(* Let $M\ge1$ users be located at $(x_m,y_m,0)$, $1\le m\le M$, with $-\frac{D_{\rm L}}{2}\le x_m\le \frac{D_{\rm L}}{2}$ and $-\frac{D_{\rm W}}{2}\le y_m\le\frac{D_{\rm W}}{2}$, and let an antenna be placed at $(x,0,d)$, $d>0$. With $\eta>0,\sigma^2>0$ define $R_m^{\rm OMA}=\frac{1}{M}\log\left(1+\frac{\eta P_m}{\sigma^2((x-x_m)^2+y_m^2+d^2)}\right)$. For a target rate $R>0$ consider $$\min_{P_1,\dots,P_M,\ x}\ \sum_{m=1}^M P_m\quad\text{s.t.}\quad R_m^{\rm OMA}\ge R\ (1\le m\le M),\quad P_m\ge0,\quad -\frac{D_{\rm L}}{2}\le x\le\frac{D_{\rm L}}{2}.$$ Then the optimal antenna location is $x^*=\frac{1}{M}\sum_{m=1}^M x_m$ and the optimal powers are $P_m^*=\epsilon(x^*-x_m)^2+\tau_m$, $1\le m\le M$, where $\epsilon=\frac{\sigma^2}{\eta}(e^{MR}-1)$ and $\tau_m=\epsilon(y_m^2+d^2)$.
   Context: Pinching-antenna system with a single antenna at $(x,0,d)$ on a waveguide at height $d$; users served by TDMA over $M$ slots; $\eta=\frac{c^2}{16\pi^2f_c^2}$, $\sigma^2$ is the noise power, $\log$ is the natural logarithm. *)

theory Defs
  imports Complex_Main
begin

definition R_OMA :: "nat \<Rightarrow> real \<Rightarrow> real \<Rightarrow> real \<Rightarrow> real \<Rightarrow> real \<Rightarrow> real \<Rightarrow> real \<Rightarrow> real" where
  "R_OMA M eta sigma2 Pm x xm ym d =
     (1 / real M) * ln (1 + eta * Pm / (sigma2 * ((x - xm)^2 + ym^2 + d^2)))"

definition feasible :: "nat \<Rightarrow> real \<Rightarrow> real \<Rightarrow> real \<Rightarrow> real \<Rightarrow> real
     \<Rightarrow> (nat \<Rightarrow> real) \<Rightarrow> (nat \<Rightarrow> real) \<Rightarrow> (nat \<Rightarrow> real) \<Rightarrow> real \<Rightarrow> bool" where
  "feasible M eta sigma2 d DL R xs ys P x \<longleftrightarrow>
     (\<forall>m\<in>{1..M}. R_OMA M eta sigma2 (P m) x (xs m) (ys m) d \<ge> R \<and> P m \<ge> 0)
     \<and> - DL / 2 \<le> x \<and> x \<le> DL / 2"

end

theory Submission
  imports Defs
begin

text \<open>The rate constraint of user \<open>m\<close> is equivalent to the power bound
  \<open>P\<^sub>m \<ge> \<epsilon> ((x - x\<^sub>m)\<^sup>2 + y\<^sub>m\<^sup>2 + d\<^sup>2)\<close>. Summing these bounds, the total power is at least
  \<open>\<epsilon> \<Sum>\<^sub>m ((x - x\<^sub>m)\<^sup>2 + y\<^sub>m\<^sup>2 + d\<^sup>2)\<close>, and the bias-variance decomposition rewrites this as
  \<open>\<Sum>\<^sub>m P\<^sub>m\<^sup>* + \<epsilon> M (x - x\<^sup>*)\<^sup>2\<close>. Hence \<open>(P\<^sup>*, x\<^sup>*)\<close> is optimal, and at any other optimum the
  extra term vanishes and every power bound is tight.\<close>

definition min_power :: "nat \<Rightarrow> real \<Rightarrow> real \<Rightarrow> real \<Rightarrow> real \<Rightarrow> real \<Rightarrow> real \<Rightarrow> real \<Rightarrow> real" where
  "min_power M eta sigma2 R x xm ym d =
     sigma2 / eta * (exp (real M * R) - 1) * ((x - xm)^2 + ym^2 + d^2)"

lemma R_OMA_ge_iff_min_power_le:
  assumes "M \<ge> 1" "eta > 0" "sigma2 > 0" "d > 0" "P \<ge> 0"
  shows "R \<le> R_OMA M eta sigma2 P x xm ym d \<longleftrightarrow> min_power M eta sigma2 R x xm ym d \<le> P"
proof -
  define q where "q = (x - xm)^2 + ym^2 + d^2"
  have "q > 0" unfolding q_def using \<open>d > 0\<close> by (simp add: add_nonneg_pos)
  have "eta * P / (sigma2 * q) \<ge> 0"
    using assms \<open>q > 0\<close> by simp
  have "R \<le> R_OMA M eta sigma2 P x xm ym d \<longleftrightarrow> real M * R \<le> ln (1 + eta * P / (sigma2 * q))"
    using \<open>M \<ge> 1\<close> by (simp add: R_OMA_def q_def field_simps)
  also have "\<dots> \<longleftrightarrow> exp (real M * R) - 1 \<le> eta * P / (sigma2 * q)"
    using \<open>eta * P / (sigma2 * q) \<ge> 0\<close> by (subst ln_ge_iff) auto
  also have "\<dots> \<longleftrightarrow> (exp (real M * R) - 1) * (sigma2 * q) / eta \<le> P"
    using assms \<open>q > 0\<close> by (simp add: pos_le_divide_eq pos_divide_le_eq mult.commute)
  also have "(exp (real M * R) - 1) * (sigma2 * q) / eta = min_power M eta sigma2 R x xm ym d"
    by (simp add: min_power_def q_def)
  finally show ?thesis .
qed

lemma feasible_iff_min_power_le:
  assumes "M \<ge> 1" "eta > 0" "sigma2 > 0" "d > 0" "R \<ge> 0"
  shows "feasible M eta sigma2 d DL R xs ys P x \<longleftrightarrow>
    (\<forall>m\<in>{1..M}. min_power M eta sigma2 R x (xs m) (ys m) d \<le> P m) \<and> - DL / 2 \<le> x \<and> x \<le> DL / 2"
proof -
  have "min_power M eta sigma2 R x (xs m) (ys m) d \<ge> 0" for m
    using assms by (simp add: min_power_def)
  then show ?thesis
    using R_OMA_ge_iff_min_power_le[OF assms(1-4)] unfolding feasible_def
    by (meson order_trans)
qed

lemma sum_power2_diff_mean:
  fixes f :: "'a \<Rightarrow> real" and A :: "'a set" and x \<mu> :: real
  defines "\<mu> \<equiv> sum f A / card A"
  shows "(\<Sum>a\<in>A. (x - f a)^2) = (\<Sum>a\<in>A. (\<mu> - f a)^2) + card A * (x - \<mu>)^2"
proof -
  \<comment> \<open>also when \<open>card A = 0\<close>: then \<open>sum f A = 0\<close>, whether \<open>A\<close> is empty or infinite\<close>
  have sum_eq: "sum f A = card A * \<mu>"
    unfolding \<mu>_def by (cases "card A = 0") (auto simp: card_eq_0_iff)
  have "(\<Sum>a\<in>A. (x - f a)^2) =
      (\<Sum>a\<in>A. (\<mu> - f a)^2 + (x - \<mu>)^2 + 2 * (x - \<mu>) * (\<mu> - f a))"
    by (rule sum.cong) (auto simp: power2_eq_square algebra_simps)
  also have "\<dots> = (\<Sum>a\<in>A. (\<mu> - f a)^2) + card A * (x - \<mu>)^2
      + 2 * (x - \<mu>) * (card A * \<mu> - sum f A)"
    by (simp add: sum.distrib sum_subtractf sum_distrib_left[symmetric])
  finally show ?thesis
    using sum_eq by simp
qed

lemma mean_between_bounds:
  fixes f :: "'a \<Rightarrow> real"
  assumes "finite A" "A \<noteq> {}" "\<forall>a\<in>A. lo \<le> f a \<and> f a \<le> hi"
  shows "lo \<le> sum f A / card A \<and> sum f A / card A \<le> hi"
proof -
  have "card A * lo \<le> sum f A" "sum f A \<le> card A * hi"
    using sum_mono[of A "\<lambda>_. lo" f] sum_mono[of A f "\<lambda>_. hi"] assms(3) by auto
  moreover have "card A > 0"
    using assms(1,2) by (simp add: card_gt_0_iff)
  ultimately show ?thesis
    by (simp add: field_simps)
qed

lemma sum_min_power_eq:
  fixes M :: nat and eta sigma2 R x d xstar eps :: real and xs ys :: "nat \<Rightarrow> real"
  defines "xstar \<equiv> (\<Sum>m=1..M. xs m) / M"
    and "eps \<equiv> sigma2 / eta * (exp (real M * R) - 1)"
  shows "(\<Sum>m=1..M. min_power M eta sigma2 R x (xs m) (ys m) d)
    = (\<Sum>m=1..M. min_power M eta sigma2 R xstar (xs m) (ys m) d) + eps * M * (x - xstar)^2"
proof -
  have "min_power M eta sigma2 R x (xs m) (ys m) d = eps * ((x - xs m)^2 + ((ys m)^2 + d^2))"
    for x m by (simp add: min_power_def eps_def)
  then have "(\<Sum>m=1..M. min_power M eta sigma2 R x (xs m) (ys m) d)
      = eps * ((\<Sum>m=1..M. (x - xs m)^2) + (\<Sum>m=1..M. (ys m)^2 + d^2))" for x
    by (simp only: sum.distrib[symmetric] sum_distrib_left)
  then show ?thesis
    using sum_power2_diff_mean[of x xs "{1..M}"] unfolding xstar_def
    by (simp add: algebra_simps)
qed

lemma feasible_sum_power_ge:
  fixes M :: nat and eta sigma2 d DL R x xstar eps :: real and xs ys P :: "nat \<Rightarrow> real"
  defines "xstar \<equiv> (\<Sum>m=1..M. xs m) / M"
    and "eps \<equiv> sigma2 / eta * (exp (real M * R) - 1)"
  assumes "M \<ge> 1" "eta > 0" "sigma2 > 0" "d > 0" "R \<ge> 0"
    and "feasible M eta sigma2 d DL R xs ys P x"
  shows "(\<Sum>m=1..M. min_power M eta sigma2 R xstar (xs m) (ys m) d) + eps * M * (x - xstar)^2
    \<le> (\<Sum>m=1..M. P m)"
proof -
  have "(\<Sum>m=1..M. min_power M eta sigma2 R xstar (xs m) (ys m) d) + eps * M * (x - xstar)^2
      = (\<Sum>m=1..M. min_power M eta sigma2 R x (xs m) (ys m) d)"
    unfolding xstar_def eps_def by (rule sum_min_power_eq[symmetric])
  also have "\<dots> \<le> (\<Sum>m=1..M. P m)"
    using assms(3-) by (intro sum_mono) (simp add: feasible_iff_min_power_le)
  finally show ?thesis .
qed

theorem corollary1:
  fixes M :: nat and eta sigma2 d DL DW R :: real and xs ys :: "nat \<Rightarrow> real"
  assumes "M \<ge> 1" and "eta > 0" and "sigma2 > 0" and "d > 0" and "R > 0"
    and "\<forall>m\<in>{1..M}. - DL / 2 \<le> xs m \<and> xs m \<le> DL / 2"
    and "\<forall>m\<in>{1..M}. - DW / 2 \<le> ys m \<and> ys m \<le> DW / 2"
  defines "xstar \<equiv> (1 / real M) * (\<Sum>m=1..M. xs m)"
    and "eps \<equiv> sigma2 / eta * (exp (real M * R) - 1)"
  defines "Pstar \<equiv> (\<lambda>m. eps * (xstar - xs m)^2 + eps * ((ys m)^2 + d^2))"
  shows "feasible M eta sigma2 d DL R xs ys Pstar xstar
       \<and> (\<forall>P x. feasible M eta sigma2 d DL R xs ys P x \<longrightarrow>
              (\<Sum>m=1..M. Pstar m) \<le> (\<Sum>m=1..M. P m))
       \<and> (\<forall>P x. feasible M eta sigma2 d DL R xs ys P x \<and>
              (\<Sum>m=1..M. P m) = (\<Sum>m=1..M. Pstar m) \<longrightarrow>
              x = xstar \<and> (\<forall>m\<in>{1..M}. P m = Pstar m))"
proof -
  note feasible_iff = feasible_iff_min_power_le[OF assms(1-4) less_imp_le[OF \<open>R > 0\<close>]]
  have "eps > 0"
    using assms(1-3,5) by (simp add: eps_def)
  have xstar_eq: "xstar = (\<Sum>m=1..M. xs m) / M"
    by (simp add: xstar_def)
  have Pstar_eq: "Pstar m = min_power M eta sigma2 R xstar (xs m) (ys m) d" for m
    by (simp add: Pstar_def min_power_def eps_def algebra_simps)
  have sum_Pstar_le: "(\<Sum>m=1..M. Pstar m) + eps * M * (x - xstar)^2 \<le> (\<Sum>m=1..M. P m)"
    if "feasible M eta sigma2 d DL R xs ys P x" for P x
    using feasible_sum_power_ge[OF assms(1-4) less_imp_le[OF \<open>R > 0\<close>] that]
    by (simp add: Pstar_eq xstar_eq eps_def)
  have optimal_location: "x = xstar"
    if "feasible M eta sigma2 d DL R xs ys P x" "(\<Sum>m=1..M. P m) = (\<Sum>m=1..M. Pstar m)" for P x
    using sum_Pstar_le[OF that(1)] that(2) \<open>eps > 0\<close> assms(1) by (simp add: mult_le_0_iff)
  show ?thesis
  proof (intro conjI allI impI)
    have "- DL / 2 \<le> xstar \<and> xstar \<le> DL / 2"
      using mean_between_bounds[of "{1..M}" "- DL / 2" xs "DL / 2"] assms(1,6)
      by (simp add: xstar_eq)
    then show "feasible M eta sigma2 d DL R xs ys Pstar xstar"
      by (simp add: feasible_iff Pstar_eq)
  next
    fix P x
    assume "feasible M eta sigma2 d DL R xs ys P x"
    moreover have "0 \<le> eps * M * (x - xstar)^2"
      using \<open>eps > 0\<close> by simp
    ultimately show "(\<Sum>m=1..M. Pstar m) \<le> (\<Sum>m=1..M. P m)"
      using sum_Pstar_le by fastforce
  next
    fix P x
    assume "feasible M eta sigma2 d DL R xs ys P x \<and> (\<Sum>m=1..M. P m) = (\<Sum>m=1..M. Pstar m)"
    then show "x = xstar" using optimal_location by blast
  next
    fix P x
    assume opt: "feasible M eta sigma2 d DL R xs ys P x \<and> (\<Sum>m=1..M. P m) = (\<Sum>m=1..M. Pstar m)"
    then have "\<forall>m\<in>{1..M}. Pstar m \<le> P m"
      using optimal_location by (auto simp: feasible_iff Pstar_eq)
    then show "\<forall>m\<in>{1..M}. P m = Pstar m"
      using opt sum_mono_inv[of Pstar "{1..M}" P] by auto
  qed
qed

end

* * *

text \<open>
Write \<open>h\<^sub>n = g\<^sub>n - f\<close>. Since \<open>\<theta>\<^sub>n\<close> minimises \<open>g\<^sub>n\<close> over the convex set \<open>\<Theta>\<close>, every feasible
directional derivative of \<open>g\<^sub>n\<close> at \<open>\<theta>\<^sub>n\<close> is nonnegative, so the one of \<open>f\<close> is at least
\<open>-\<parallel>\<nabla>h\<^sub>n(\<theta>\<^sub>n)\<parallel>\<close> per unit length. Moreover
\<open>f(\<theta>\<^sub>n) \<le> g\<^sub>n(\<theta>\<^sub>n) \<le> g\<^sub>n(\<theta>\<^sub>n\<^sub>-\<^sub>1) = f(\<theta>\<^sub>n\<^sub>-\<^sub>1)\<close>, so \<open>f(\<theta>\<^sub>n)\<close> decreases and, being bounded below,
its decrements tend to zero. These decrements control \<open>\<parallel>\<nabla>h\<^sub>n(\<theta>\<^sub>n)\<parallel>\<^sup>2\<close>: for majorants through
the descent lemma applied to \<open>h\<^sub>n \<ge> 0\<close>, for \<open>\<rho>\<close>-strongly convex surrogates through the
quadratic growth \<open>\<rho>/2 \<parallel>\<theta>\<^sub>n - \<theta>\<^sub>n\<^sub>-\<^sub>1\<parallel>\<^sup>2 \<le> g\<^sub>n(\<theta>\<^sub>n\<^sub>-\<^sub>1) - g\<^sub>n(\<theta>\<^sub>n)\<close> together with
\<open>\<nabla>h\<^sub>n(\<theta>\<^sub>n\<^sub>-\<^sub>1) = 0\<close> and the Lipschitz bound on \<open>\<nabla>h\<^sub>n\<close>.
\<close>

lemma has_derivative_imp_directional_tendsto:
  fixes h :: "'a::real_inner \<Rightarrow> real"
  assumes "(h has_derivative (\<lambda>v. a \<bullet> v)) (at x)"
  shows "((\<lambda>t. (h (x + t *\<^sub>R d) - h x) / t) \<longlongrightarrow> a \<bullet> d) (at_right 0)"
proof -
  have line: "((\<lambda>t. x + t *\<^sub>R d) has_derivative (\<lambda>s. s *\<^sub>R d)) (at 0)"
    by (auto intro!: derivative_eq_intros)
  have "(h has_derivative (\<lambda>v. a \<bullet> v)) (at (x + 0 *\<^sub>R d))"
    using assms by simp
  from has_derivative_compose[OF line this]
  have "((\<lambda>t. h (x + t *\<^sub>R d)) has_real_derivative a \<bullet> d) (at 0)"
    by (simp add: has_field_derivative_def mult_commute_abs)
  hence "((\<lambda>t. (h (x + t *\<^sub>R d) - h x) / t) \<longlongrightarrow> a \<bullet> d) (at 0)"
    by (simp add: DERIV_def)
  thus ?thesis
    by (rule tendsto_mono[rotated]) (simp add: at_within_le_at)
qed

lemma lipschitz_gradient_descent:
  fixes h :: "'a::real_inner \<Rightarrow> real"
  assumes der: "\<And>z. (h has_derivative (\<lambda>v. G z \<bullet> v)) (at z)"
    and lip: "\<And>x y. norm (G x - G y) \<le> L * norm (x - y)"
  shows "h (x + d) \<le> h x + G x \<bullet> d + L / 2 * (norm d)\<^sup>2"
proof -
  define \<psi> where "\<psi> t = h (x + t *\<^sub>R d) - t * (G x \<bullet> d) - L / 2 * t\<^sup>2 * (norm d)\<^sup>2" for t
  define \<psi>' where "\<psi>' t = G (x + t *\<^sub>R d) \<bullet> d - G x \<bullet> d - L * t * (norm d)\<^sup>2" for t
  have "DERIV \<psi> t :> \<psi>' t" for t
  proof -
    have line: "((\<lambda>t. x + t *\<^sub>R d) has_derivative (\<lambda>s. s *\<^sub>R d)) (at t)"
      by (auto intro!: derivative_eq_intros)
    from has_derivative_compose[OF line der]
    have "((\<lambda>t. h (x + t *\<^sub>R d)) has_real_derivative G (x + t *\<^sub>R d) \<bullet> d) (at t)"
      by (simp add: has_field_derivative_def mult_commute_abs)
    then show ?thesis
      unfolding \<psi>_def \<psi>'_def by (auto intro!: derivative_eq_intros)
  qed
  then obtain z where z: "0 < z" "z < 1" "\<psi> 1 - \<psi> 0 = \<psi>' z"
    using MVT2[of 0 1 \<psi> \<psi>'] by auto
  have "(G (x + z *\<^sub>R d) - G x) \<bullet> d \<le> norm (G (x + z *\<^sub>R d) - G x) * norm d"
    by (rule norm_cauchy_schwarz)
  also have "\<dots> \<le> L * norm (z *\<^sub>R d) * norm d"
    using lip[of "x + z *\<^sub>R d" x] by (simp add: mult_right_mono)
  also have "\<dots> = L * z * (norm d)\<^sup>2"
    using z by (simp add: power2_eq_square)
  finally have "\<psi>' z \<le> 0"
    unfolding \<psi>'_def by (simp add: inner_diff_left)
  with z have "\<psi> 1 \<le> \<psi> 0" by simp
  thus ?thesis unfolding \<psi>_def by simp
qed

**What you should do**
Look above for the line with "ys m \<and>" and the line with "- xstar)^2 \<le>", and reproduce exactly those two lines plus every line between, nothing more.

**Finished task**
    and "\<forall>m\<in>{1..M}. - DW / 2 \<le> ys m \<and> ys m \<le> DW / 2"
  defines "xstar \<equiv> (1 / real M) * (\<Sum>m=1..M. xs m)"
    and "eps \<equiv> sigma2 / eta * (exp (real M * R) - 1)"
  defines "Pstar \<equiv> (\<lambda>m. eps * (xstar - xs m)^2 + eps * ((ys m)^2 + d^2))"
  shows "feasible M eta sigma2 d DL R xs ys Pstar xstar
       \<and> (\<forall>P x. feasible M eta sigma2 d DL R xs ys P x \<longrightarrow>
              (\<Sum>m=1..M. Pstar m) \<le> (\<Sum>m=1..M. P m))
       \<and> (\<forall>P x. feasible M eta sigma2 d DL R xs ys P x \<and>
              (\<Sum>m=1..M. P m) = (\<Sum>m=1..M. Pstar m) \<longrightarrow>
              x = xstar \<and> (\<forall>m\<in>{1..M}. P m = Pstar m))"
proof -
  note feasible_iff = feasible_iff_min_power_le[OF assms(1-4) less_imp_le[OF \<open>R > 0\<close>]]
  have "eps > 0"
    using assms(1-3,5) by (simp add: eps_def)
  have xstar_eq: "xstar = (\<Sum>m=1..M. xs m) / M"
    by (simp add: xstar_def)
  have Pstar_eq: "Pstar m = min_power M eta sigma2 R xstar (xs m) (ys m) d" for m
    by (simp add: Pstar_def min_power_def eps_def algebra_simps)
  have sum_Pstar_le: "(\<Sum>m=1..M. Pstar m) + eps * M * (x - xstar)^2 \<le> (\<Sum>m=1..M. P m)"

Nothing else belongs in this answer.